Available data:
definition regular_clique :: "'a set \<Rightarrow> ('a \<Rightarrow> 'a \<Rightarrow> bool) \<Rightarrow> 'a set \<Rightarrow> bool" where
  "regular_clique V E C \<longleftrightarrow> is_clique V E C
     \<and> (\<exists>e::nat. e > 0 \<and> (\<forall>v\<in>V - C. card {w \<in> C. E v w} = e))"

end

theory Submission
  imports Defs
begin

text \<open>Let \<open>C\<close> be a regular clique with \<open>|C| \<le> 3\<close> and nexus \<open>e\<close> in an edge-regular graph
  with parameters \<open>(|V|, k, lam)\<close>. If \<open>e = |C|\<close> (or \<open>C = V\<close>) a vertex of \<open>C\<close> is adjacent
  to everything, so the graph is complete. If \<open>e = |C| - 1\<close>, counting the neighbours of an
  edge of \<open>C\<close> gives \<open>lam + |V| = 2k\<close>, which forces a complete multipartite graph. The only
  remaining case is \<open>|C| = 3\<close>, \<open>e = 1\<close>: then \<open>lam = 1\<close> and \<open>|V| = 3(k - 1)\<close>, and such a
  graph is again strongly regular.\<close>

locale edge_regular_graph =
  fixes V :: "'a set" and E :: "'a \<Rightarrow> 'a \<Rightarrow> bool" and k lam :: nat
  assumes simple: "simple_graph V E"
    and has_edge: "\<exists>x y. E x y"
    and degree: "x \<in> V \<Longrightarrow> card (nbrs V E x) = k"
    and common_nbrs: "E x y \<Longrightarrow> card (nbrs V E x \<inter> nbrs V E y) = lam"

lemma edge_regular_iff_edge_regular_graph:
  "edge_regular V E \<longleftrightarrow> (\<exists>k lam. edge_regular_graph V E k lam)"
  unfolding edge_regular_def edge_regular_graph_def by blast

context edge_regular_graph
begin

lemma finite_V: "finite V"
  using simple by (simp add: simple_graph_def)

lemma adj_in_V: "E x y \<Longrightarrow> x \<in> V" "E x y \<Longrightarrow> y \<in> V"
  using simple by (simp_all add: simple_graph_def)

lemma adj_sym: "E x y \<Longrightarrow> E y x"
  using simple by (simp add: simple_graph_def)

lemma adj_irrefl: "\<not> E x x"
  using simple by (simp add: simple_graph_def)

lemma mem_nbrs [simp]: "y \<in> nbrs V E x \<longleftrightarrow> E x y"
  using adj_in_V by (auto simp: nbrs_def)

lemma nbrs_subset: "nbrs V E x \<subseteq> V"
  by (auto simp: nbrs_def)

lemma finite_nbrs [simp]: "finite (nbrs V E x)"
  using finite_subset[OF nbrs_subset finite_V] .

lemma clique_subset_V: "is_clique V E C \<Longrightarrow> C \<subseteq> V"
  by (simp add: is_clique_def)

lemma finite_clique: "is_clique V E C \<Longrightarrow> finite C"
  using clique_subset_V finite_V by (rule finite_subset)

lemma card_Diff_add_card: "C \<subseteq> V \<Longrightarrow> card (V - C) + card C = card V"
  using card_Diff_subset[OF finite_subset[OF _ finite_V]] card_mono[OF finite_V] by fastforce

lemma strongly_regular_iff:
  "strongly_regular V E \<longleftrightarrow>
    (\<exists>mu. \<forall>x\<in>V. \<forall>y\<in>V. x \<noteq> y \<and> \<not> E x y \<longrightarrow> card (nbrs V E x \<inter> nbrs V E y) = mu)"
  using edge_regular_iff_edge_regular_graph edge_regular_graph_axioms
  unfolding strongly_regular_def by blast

Required work:
Retype the data in full, exactly.

Solution to the problem:
definition regular_clique :: "'a set \<Rightarrow> ('a \<Rightarrow> 'a \<Rightarrow> bool) \<Rightarrow> 'a set \<Rightarrow> bool" where
  "regular_clique V E C \<longleftrightarrow> is_clique V E C
     \<and> (\<exists>e::nat. e > 0 \<and> (\<forall>v\<in>V - C. card {w \<in> C. E v w} = e))"

end

theory Submission
  imports Defs
begin

text \<open>Let \<open>C\<close> be a regular clique with \<open>|C| \<le> 3\<close> and nexus \<open>e\<close> in an edge-regular graph
  with parameters \<open>(|V|, k, lam)\<close>. If \<open>e = |C|\<close> (or \<open>C = V\<close>) a vertex of \<open>C\<close> is adjacent
  to everything, so the graph is complete. If \<open>e = |C| - 1\<close>, counting the neighbours of an
  edge of \<open>C\<close> gives \<open>lam + |V| = 2k\<close>, which forces a complete multipartite graph. The only
  remaining case is \<open>|C| = 3\<close>, \<open>e = 1\<close>: then \<open>lam = 1\<close> and \<open>|V| = 3(k - 1)\<close>, and such a
  graph is again strongly regular.\<close>

locale edge_regular_graph =
  fixes V :: "'a set" and E :: "'a \<Rightarrow> 'a \<Rightarrow> bool" and k lam :: nat
  assumes simple: "simple_graph V E"
    and has_edge: "\<exists>x y. E x y"
    and degree: "x \<in> V \<Longrightarrow> card (nbrs V E x) = k"
    and common_nbrs: "E x y \<Longrightarrow> card (nbrs V E x \<inter> nbrs V E y) = lam"

lemma edge_regular_iff_edge_regular_graph:
  "edge_regular V E \<longleftrightarrow> (\<exists>k lam. edge_regular_graph V E k lam)"
  unfolding edge_regular_def edge_regular_graph_def by blast

context edge_regular_graph
begin

lemma finite_V: "finite V"
  using simple by (simp add: simple_graph_def)

lemma adj_in_V: "E x y \<Longrightarrow> x \<in> V" "E x y \<Longrightarrow> y \<in> V"
  using simple by (simp_all add: simple_graph_def)

lemma adj_sym: "E x y \<Longrightarrow> E y x"
  using simple by (simp add: simple_graph_def)

lemma adj_irrefl: "\<not> E x x"
  using simple by (simp add: simple_graph_def)

lemma mem_nbrs [simp]: "y \<in> nbrs V E x \<longleftrightarrow> E x y"
  using adj_in_V by (auto simp: nbrs_def)

lemma nbrs_subset: "nbrs V E x \<subseteq> V"
  by (auto simp: nbrs_def)

lemma finite_nbrs [simp]: "finite (nbrs V E x)"
  using finite_subset[OF nbrs_subset finite_V] .

lemma clique_subset_V: "is_clique V E C \<Longrightarrow> C \<subseteq> V"
  by (simp add: is_clique_def)

lemma finite_clique: "is_clique V E C \<Longrightarrow> finite C"
  using clique_subset_V finite_V by (rule finite_subset)

lemma card_Diff_add_card: "C \<subseteq> V \<Longrightarrow> card (V - C) + card C = card V"
  using card_Diff_subset[OF finite_subset[OF _ finite_V]] card_mono[OF finite_V] by fastforce

lemma strongly_regular_iff:
  "strongly_regular V E \<longleftrightarrow>
    (\<exists>mu. \<forall>x\<in>V. \<forall>y\<in>V. x \<noteq> y \<and> \<not> E x y \<longrightarrow> card (nbrs V E x \<inter> nbrs V E y) = mu)"
  using edge_regular_iff_edge_regular_graph edge_regular_graph_axioms
  unfolding strongly_regular_def by blast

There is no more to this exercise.